* [GOAL OF THE EXERCISE]: When the line containing "using dA' assms(3) by simp" is found in the data below, copy it and each line after it through the line containing "using gr(2) gi(2)", exactly and with no others.

* [DATA LISTING]:
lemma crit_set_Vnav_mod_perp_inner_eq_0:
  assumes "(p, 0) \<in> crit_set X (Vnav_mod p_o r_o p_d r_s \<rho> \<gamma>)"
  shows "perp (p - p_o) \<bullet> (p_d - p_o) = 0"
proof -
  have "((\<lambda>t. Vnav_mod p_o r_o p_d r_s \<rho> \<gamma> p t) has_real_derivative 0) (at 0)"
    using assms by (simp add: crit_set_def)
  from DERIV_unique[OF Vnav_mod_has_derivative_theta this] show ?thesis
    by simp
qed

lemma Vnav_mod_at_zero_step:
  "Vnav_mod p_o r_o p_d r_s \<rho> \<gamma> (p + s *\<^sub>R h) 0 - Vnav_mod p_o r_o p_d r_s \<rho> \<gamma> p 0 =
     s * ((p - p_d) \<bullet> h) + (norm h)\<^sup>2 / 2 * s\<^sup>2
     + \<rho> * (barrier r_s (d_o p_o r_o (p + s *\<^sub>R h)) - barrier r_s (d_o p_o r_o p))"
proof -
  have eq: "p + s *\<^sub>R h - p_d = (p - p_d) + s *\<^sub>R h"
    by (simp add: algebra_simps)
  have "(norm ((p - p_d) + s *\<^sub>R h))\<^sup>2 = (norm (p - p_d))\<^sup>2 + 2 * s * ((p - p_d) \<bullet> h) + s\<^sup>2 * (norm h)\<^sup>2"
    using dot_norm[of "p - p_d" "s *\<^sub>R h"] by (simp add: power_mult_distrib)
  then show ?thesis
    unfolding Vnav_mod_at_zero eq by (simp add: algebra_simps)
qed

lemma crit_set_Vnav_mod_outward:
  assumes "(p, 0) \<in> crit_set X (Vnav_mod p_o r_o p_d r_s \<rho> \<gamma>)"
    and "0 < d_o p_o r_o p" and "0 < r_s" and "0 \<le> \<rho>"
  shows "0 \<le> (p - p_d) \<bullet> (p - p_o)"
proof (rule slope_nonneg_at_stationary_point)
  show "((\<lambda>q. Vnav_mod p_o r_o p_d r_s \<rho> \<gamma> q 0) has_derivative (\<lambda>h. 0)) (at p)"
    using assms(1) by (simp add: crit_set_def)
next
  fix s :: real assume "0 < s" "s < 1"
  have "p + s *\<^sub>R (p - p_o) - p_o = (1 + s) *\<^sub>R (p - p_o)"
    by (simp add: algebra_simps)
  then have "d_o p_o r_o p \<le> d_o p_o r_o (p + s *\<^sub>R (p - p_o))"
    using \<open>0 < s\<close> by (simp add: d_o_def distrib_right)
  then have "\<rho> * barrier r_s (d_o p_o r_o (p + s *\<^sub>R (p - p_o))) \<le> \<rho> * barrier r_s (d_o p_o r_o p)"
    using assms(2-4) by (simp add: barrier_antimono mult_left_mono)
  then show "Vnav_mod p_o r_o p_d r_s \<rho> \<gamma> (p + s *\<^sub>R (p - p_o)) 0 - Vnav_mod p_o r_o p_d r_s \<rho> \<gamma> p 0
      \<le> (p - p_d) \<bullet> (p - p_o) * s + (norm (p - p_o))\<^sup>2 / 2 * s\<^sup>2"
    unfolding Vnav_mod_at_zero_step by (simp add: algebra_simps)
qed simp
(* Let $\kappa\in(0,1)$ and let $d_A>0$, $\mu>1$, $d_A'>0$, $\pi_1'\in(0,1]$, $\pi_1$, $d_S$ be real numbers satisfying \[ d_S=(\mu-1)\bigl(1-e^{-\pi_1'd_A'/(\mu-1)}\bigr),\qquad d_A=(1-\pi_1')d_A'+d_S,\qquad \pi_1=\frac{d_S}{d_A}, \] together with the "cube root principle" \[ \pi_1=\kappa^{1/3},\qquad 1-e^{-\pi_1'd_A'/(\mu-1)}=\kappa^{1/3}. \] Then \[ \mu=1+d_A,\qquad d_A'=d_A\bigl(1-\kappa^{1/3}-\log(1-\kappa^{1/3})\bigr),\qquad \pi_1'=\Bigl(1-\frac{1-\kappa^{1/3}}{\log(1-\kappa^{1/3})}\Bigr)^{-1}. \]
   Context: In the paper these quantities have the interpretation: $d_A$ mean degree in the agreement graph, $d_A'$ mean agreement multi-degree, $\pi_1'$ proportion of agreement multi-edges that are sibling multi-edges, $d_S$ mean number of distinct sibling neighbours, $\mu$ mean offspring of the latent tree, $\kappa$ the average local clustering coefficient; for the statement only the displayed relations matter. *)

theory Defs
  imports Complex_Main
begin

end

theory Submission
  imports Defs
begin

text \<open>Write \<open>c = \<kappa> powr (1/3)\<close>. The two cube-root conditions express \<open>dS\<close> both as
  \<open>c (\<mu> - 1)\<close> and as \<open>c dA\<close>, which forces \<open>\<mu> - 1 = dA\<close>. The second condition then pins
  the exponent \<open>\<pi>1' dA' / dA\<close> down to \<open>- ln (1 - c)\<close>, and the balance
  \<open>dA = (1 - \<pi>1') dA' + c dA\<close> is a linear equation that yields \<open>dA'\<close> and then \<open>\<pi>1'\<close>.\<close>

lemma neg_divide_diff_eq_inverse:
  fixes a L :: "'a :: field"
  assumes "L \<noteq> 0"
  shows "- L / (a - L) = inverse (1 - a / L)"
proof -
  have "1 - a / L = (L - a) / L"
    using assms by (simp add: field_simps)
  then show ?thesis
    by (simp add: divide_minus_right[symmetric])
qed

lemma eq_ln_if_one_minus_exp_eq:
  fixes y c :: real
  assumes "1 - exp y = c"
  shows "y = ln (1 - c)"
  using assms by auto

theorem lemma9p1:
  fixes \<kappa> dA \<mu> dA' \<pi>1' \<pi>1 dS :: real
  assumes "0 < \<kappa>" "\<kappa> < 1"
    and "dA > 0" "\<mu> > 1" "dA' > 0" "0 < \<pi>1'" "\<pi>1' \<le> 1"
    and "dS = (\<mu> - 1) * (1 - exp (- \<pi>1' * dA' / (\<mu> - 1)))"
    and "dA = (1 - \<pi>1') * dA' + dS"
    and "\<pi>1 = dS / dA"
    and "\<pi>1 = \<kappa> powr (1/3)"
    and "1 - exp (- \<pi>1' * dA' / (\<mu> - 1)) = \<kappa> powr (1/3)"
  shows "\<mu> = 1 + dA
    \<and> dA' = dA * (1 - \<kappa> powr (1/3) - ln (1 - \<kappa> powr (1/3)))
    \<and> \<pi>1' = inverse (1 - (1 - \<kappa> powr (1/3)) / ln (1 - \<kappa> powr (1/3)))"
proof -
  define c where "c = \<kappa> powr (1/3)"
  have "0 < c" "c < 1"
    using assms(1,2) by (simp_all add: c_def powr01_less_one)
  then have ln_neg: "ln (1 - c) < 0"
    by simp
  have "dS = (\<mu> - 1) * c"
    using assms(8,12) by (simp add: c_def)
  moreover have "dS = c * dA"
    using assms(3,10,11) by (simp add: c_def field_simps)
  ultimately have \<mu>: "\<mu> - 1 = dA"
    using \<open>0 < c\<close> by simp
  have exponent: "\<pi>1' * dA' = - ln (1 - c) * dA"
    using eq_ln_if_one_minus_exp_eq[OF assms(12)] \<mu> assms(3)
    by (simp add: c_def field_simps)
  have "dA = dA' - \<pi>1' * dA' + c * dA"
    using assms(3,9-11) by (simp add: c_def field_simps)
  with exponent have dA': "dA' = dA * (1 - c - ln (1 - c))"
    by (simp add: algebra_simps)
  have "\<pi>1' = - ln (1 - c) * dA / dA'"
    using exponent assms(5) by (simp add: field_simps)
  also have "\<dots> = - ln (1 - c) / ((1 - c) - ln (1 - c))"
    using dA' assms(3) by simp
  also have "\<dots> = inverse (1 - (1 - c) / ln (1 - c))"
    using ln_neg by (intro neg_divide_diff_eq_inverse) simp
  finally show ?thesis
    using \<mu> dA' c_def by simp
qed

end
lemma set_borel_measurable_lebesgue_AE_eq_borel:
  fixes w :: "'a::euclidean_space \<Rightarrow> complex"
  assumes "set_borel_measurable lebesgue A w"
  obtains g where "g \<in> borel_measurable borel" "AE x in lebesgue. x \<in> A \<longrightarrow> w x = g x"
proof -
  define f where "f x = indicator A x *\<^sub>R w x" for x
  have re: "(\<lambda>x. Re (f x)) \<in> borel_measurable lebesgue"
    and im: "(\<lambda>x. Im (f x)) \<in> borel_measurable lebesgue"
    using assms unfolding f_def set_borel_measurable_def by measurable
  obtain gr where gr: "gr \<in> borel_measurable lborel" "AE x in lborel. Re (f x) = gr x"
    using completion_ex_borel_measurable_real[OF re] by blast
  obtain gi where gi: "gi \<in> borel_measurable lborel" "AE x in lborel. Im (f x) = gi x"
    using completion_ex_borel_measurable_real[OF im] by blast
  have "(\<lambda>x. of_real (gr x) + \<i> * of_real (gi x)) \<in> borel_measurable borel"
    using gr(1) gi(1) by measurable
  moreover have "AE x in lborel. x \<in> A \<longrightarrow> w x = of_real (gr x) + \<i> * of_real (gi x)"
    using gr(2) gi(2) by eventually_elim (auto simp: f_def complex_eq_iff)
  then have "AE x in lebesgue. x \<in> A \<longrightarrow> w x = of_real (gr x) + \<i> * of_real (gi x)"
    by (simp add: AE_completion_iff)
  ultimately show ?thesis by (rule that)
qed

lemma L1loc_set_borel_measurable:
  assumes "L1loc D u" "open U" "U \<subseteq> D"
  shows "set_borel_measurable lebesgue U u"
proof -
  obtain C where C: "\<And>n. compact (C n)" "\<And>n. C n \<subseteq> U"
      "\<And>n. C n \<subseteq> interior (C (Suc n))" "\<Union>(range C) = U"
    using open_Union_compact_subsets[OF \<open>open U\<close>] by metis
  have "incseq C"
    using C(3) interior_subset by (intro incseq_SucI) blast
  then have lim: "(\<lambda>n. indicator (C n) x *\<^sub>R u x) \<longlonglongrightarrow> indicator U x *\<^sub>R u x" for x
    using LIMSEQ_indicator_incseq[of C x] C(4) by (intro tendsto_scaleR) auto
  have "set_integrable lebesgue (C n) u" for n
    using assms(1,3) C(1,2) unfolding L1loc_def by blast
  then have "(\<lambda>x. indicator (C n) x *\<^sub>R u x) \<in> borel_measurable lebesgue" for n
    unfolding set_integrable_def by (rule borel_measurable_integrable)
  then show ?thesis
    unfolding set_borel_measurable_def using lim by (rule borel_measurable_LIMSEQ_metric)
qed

* [OUTPUT BELOW]:
    using dA' assms(3) by simp
  also have "\<dots> = inverse (1 - (1 - c) / ln (1 - c))"
    using ln_neg by (intro neg_divide_diff_eq_inverse) simp
  finally show ?thesis
    using \<mu> dA' c_def by simp
qed

end
lemma set_borel_measurable_lebesgue_AE_eq_borel:
  fixes w :: "'a::euclidean_space \<Rightarrow> complex"
  assumes "set_borel_measurable lebesgue A w"
  obtains g where "g \<in> borel_measurable borel" "AE x in lebesgue. x \<in> A \<longrightarrow> w x = g x"
proof -
  define f where "f x = indicator A x *\<^sub>R w x" for x
  have re: "(\<lambda>x. Re (f x)) \<in> borel_measurable lebesgue"
    and im: "(\<lambda>x. Im (f x)) \<in> borel_measurable lebesgue"
    using assms unfolding f_def set_borel_measurable_def by measurable
  obtain gr where gr: "gr \<in> borel_measurable lborel" "AE x in lborel. Re (f x) = gr x"
    using completion_ex_borel_measurable_real[OF re] by blast
  obtain gi where gi: "gi \<in> borel_measurable lborel" "AE x in lborel. Im (f x) = gi x"
    using completion_ex_borel_measurable_real[OF im] by blast
  have "(\<lambda>x. of_real (gr x) + \<i> * of_real (gi x)) \<in> borel_measurable borel"
    using gr(1) gi(1) by measurable
  moreover have "AE x in lborel. x \<in> A \<longrightarrow> w x = of_real (gr x) + \<i> * of_real (gi x)"
    using gr(2) gi(2) by eventually_elim (auto simp: f_def complex_eq_iff)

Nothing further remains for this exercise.